Many of us have had the misfortune to meet him before: the neighbour from hell. And there's not much you can do about him - however much he makes your life a misery. The trouble with this well-made and faintly disturbing film, however, is that the balance of the drama is tipped towards Jackson (the best actor with the best part) as a bigoted racist cop.

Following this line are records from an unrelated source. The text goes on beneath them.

lemma poisson_affine_sums: "(\<lambda>n. (a + c * (real n - l)) * poisson_weight l n) sums a"
proof -
  have "(\<lambda>n. a * poisson_weight l n + c * (real n * poisson_weight l n) - c * l * poisson_weight l n)
      sums (a * 1 + c * l - c * l * 1)"
    by (intro sums_diff sums_add sums_mult poisson_weight_sums poisson_mean_sums)
  then show ?thesis by (simp add: algebra_simps)
qed

lemma summable_poisson_powr:
  assumes "0 \<le> r" "0 \<le> l"
  shows "summable (\<lambda>n. (real n + 1) powr r * poisson_weight l n)"
proof (rule summable_comparison_test')
  show "summable (\<lambda>n. exp (- l) * ((exp r * l) ^ n /\<^sub>R fact n))"
    by (intro summable_mult summable_exp_generic)
  show "norm ((real n + 1) powr r * poisson_weight l n) \<le> exp (- l) * ((exp r * l) ^ n /\<^sub>R fact n)"
    for n
  proof -
    have "(real n + 1) powr r = exp (r * ln (real n + 1))"
      by (simp add: powr_def)
    also have "\<dots> \<le> exp (r * real n)"
      using assms ln_le_minus_one[of "real n + 1"] by (intro exp_mono mult_left_mono) auto
    also have "\<dots> = exp r ^ n"
      by (simp add: mult.commute flip: exp_of_nat_mult)
    finally have "norm ((real n + 1) powr r * poisson_weight l n) \<le> exp r ^ n * poisson_weight l n"
      using poisson_weight_nonneg[OF assms(2)] by (simp add: mult_right_mono)
    then show ?thesis
      by (simp add: poisson_weight_def power_mult_distrib divide_inverse mult_ac)
  qed
qed
text \<open>Read backwards and composed with \<phi>^-2j at position j, a chain again has steps of the
  form t_(j+1) = t_j \<phi>^-1 + c \<phi>^-1, now with c = -(\<plusminus>c_i \<phi>^-(2j+1)).\<close>
lemma chain_sym:
  assumes chain: "chain \<alpha> \<beta>"
  shows "chain \<beta> \<alpha>"
proof -
  obtain s a n b m where s0: "s 0 = shift a \<alpha>" and sR: "\<And>i. i \<le> n \<Longrightarrow> s i \<in> \<Lambda>"
    and step: "\<And>i. i < n \<Longrightarrow> \<exists>c\<in>\<Lambda>. s (Suc i) = shift 1 (s i) + shift 1 c"
    and last: "s n = signed b (shift m \<beta>)"
    using chain by (rule chainE) (rule that)
  define t where "t j = signed b (shift (2 * j) (s (n - j)))" for j
  show ?thesis
  proof (rule chainI[of t m \<beta> n b "a + 2 * n" \<alpha>])
    show "t 0 = shift m \<beta>"
      using last sR[of n] by (simp add: t_def shift_0 roots_dual signed_signed signed_def)
    show "t j \<in> \<Lambda>" for j unfolding t_def using sR by (intro roots_signed roots_shift) simp
    show "t n = signed b (shift (a + 2 * n) \<alpha>)" by (simp add: t_def s0 shift_shift)
  next
    fix j assume j: "j < n"
    then obtain c where c: "c \<in> \<Lambda>" "s (n - j) = shift 1 (s (n - Suc j)) + shift 1 c"
      using step[of "n - Suc j"] by (auto simp: Suc_diff_Suc)
    have "shift 1 (t j) = t (Suc j) + signed b (shift (2 * j + 2) c)"
      unfolding t_def c(2) by (simp add: shift_signed shift_shift shift_add signed_add)
    then have "t (Suc j) = shift 1 (t j) + shift 1 (- signed b (shift (2 * j + 1) c))"
      by (simp add: shift_uminus shift_signed shift_shift)
    moreover have "- signed b (shift (2 * j + 1) c) \<in> \<Lambda>"
      using c by (intro roots_uminus roots_signed roots_shift)
    ultimately show "\<exists>c\<in>\<Lambda>. t (Suc j) = shift 1 (t j) + shift 1 c" by blast
  qed
qed

lemma chain_trans:
  assumes ab: "chain \<alpha> \<beta>" and bc: "chain \<beta> \<gamma>"
  shows "chain \<alpha> \<gamma>"
proof -
  obtain s a n b m where s0: "s 0 = shift a \<alpha>" and sR: "\<And>i. i \<le> n \<Longrightarrow> s i \<in> \<Lambda>"
    and s_step: "\<And>i. i < n \<Longrightarrow> \<exists>c\<in>\<Lambda>. s (Suc i) = shift 1 (s i) + shift 1 c"
    and s_last: "s n = signed b (shift m \<beta>)"
    using ab by (rule chainE) (rule that)
  obtain t a' p b' m' where t0: "t 0 = shift a' \<beta>" and tR: "\<And>i. i \<le> p \<Longrightarrow> t i \<in> \<Lambda>"
    and t_step: "\<And>i. i < p \<Longrightarrow> \<exists>c\<in>\<Lambda>. t (Suc i) = shift 1 (t i) + shift 1 c"
    and t_last: "t p = signed b' (shift m' \<gamma>)"
    using bc by (rule chainE) (rule that)
  define u where "u i = (if i \<le> n then shift a' (s i) else signed b (shift m (t (i - n))))" for i
  have u_tail: "u i = signed b (shift m (t (i - n)))" if "n \<le> i" for i
    using that s_last t0 by (auto simp: u_def shift_signed shift_shift add.commute)
  show ?thesis
  proof (rule chainI[of u "a + a'" \<alpha> "n + p" "b = b'" "m' + m" \<gamma>])
    show "u 0 = shift (a + a') \<alpha>" by (simp add: u_def s0 shift_shift)
    show "u (n + p) = signed (b = b') (shift (m' + m) \<gamma>)"
      using u_tail[of "n + p"] t_last by (simp add: shift_signed shift_shift signed_signed)
  next
    fix i assume i: "i \<le> n + p"
    show "u i \<in> \<Lambda>"
    proof (cases "i \<le> n")
      case True
      then show ?thesis using sR by (simp add: u_def roots_shift)
    next
      case False
      then show ?thesis using tR[of "i - n"] i by (simp add: u_def roots_shift roots_signed)
    qed
  next
    fix i assume i: "i < n + p"
    show "\<exists>c\<in>\<Lambda>. u (Suc i) = shift 1 (u i) + shift 1 c"
    proof (cases "i < n")
      case True
      then obtain c where "c \<in> \<Lambda>" "s (Suc i) = shift 1 (s i) + shift 1 c" using s_step by blast
      then show ?thesis
        using True by (intro bexI[of _ "shift a' c"]) (auto simp: u_def shift_add shift_shift add.commute roots_shift)
    next
      case False
      then have "i - n < p" using i by arith
      then obtain c where c: "c \<in> \<Lambda>" "t (Suc (i - n)) = shift 1 (t (i - n)) + shift 1 c"
        using t_step by blast
      have "u (Suc i) = shift 1 (u i) + shift 1 (signed b (shift m c))"
        using False u_tail[of i] u_tail[of "Suc i"] c(2)
        by (simp add: Suc_diff_le shift_add shift_signed shift_shift signed_add add.commute)
      then show ?thesis using c(1) by (blast intro: roots_signed roots_shift)
    qed
  qed
qed

lemma chain_single: "c \<in> \<Lambda> \<Longrightarrow> c = shift a \<alpha> \<Longrightarrow> c = signed b (shift m \<beta>) \<Longrightarrow> chain \<alpha> \<beta>"
  by (rule chainI[of "\<lambda>_. c" a \<alpha> 0 b m \<beta>]) auto

lemma connected_sym: "\<alpha> \<in> \<Lambda> \<Longrightarrow> \<beta> \<in> \<Lambda> \<Longrightarrow> conn \<alpha> \<beta> \<Longrightarrow> conn \<beta> \<alpha>"
  by (simp add: connected_iff_chain chain_sym)

lemma connected_trans: "\<beta> \<in> \<Lambda> \<Longrightarrow> \<gamma> \<in> \<Lambda> \<Longrightarrow> conn \<alpha> \<beta> \<Longrightarrow> conn \<beta> \<gamma> \<Longrightarrow> conn \<alpha> \<gamma>"
  by (simp add: connected_iff_chain) (rule chain_trans)

lemma connected_refl:
  assumes \<alpha>: "\<alpha> \<in> \<Lambda>" shows "conn \<alpha> \<alpha>"
  unfolding connected_iff_chain[OF \<alpha>]
  using \<alpha> by (rule chain_single[of _ 0 _ True 0]) (simp_all add: signed_def shift_0 roots_dual[OF \<alpha>])

lemma connected_shift:
  assumes \<alpha>: "\<alpha> \<in> \<Lambda>" shows "conn \<alpha> (shift n \<alpha>)"
  unfolding connected_iff_chain[OF roots_shift[OF \<alpha>]]
  using roots_shift[OF \<alpha>] by (rule chain_single[of _ n _ True 0]) (simp_all add: signed_def shift_shift)

lemma connected_uminus:
  assumes \<alpha>: "\<alpha> \<in> \<Lambda>" shows "conn \<alpha> (- \<alpha>)"
  unfolding connected_iff_chain[OF roots_uminus[OF \<alpha>]]
  using \<alpha> by (rule chain_single[of _ 0 _ False 0]) (simp_all add: signed_def shift_0 roots_dual[OF \<alpha>] shift_uminus)

lemma connected_unshift:
  assumes \<alpha>: "\<alpha> \<in> \<Lambda>" shows "conn (unshift \<alpha>) \<alpha>"
  unfolding connected_iff_chain[OF \<alpha>]
  using \<alpha> shift_unshift[OF roots_dual[OF \<alpha>], symmetric]
  by (rule chain_single[of _ 1 _ True 0]) (simp add: signed_def shift_0 roots_dual[OF \<alpha>])

lemma connected_shift_sum:
  assumes \<beta>: "\<beta> \<in> \<Lambda>" and \<gamma>: "\<gamma> \<in> \<Lambda>" and sum: "shift 1 (\<beta> + \<gamma>) \<in> \<Lambda>"
  shows "conn \<beta> (shift 1 (\<beta> + \<gamma>))"
  unfolding connected_iff_chain[OF sum]
proof (rule chainI[of "\<lambda>i. if i = 0 then \<beta> else shift 1 (\<beta> + \<gamma>)" 0 \<beta> 1 True 0])
  show "\<exists>c\<in>\<Lambda>. (if Suc i = 0 then \<beta> else shift 1 (\<beta> + \<gamma>)) =
      shift 1 (if i = 0 then \<beta> else shift 1 (\<beta> + \<gamma>)) + shift 1 c" if "i < 1" for i
    using that \<gamma> by (auto simp: shift_add)
qed (use \<beta> sum in \<open>auto simp: shift_0 roots_dual signed_def shift_shift\<close>)

section \<open>The ideals \<open>L\<^sub>\<Lambda>\<^sub>\<alpha>\<close>\<close>

lemma br_nonzero_shift_sum_root:
  assumes \<beta>: "\<beta> \<in> \<Lambda>" and \<gamma>: "\<gamma> \<in> \<Lambda>" and x: "x \<in> L_root \<beta>" and y: "y \<in> L_root \<gamma>"
    and nonzero: "br x y \<noteq> 0" and sum: "\<beta> + \<gamma> \<noteq> 0"
  shows "shift 1 (\<beta> + \<gamma>) \<in> \<Lambda>"
proof -
  have "\<beta> + \<gamma> \<in> dual" using \<beta> \<gamma> roots_dual dual_plus by blast
  then show ?thesis
    using br_root_spaces[OF x y] nonzero sum shift_dual shift_nonzero by (auto simp: roots_iff)
qed

lemma br_nonzero_imp_connected:
  assumes \<beta>: "\<beta> \<in> \<Lambda>" and \<gamma>: "\<gamma> \<in> \<Lambda>" and x: "x \<in> L_root \<beta>" and y: "y \<in> L_root \<gamma>"
    and nonzero: "br x y \<noteq> 0"
  shows "conn \<beta> \<gamma>"
proof (cases "\<beta> + \<gamma> = 0")
  case True
  then have "\<gamma> = - \<beta>" by (simp add: eq_neg_iff_add_eq_0 add.commute)
  then show ?thesis using connected_uminus[OF \<beta>] by simp
next
  case False
  let ?\<sigma> = "shift 1 (\<beta> + \<gamma>)"
  have \<sigma>: "?\<sigma> \<in> \<Lambda>" by (rule br_nonzero_shift_sum_root[OF \<beta> \<gamma> x y nonzero False])
  have "?\<sigma> = shift 1 (\<gamma> + \<beta>)" by (simp add: add.commute)
  then have "conn \<gamma> ?\<sigma>" using connected_shift_sum[OF \<gamma> \<beta>] \<sigma> by simp
  then have "conn ?\<sigma> \<gamma>" by (rule connected_sym[OF \<gamma> \<sigma>])
  then show ?thesis using connected_shift_sum[OF \<beta> \<gamma> \<sigma>] connected_trans[OF \<sigma> \<gamma>] by blast
qed

text \<open>Write w = \<phi> z with z \<in> L_(\<gamma>\<phi>). Then [L_-\<beta>, z] = [z, L_\<beta>] = 0, since \<gamma>\<phi> is connected
  to \<gamma> but not to \<beta>, and the Hom-Jacobi identity kills [[x, y], \<phi> z].\<close>
lemma br_root_bracket_unconnected:
  assumes \<beta>: "\<beta> \<in> \<Lambda>" and \<gamma>: "\<gamma> \<in> \<Lambda>" and unconnected: "\<not> conn \<beta> \<gamma>"
    and x: "x \<in> L_root \<beta>" and y: "y \<in> L_root (- \<beta>)" and w: "w \<in> L_root \<gamma>"
  shows "br (br x y) w = 0 \<and> br w (br x y) = 0"
proof -
  let ?\<delta> = "unshift \<gamma>"
  have \<delta>: "?\<delta> \<in> \<Lambda>" "conn ?\<delta> \<gamma>" using roots_unshift[OF \<gamma>] connected_unshift[OF \<gamma>] .
  have "\<not> conn \<beta> ?\<delta>" using connected_trans[OF \<delta>(1) \<gamma> _ \<delta>(2)] unconnected by blast
  have vanish1: "\<forall>y\<in>L_root (- \<beta>). \<forall>z\<in>L_root ?\<delta>. br y z = 0"
  proof (intro ballI, rule ccontr)
    fix y z assume "y \<in> L_root (- \<beta>)" "z \<in> L_root ?\<delta>" "br y z \<noteq> 0"
    then have "conn (- \<beta>) ?\<delta>" by (rule br_nonzero_imp_connected[OF roots_uminus[OF \<beta>] \<delta>(1)])
    then have "conn \<beta> ?\<delta>" by (rule connected_trans[OF roots_uminus[OF \<beta>] \<delta>(1) connected_uminus[OF \<beta>]])
    with \<open>\<not> conn \<beta> ?\<delta>\<close> show False ..
  qed
  have vanish2: "\<forall>z\<in>L_root ?\<delta>. \<forall>x\<in>L_root \<beta>. br z x = 0"
  proof (intro ballI, rule ccontr)
    fix z x assume "z \<in> L_root ?\<delta>" "x \<in> L_root \<beta>" "br z x \<noteq> 0"
    then have "conn ?\<delta> \<beta>" by (rule br_nonzero_imp_connected[OF \<delta>(1) \<beta>])
    then have "conn \<beta> ?\<delta>" by (rule connected_sym[OF \<delta>(1) \<beta>])
    with \<open>\<not> conn \<beta> ?\<delta>\<close> show False ..
  qed
  show ?thesis
    using br_root_bracket_phi_vanishing[OF vanish1 vanish2 x y root_space_unshift[OF w]] by simp
qed

abbreviation "class_of \<alpha> \<equiv> root_class scale br phi H0 \<alpha>"
abbreviation "L_class \<alpha> \<equiv> L_part scale br phi H0 (class_of \<alpha>)"

definition root_brackets where
  "root_brackets S = {br x y | x y \<beta>. \<beta> \<in> S \<and> x \<in> L_root \<beta> \<and> y \<in> L_root (neg_fun \<beta>)}"

definition root_vectors where
  "root_vectors S = (\<Union>\<beta>\<in>S. L_root \<beta>)"

abbreviation "generators S \<equiv> root_brackets S \<union> root_vectors S"

lemma L_part_eq_span: "L_part scale br phi H0 S = span (generators S)"
proof -
  have "H_part scale br phi H0 S = span (root_brackets S)"
    "V_part scale br phi H0 S = span (root_vectors S)"
    unfolding H_part_def V_part_def root_brackets_def root_vectors_def by simp_all
  moreover have "span (span A \<union> span B) = span (A \<union> B)" for A B
  proof (rule antisym)
    show "span (span A \<union> span B) \<subseteq> span (A \<union> B)"
      by (rule span_minimal) (auto intro: span_mono[THEN subsetD])
    show "span (A \<union> B) \<subseteq> span (span A \<union> span B)"
      by (rule span_mono) (auto intro: span_base)
  qed
  ultimately show ?thesis unfolding L_part_def by simp
qed

lemma L_part_generatorE:
  assumes "p \<in> generators S"
  obtains (bracket) \<beta> x y where "\<beta> \<in> S" "x \<in> L_root \<beta>" "y \<in> L_root (- \<beta>)" "p = br x y"
    | (root) \<beta> where "\<beta> \<in> S" "p \<in> L_root \<beta>"
  using assms unfolding root_brackets_def root_vectors_def neg_fun_eq by blast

The problems of his new neighbours, a mixed-marriage couple (Washington, Wilson) seem hardly worth worrying about; writers Howard Korder and David Loughery's efforts to make them more interesting are, at best, tentative, and the actors themselves bring little to their roles. Jackson, though, is magnetic as Abel, a near-retirement widower cop (it's a wonder his wife put up with him) with two young children, who takes agin white Wilson and black Washington from the outset. 'You can listen to that rap music all you like,' he tells Wilson in his car. 'But in the morning you'll still be white.'

Things get worse. Security lights from the cop's house shining into the young couple's rooms at night escalate to Jackson chopping down plants that are 'on his property', then to his hiring a goon to trash their house and finally (and somewhat improbably) to a gun-toting showdown. Pity his poor kids. Meanwhile, Washington and Wilson - she stops taking birth pills to get pregnant without discussing it with him - hardly engage our sympathy. Sharply done, but not much fun.

David Quinlan

USA 2008. UK Distributor: Sony (Screen Gems). Technicolor.
106 minutes. Not widescreen. UK certificate: 15.

Guidance ratings (out of 3): Sex/nudity 1, Violence/Horror 1, Drugs 0, Swearing 1.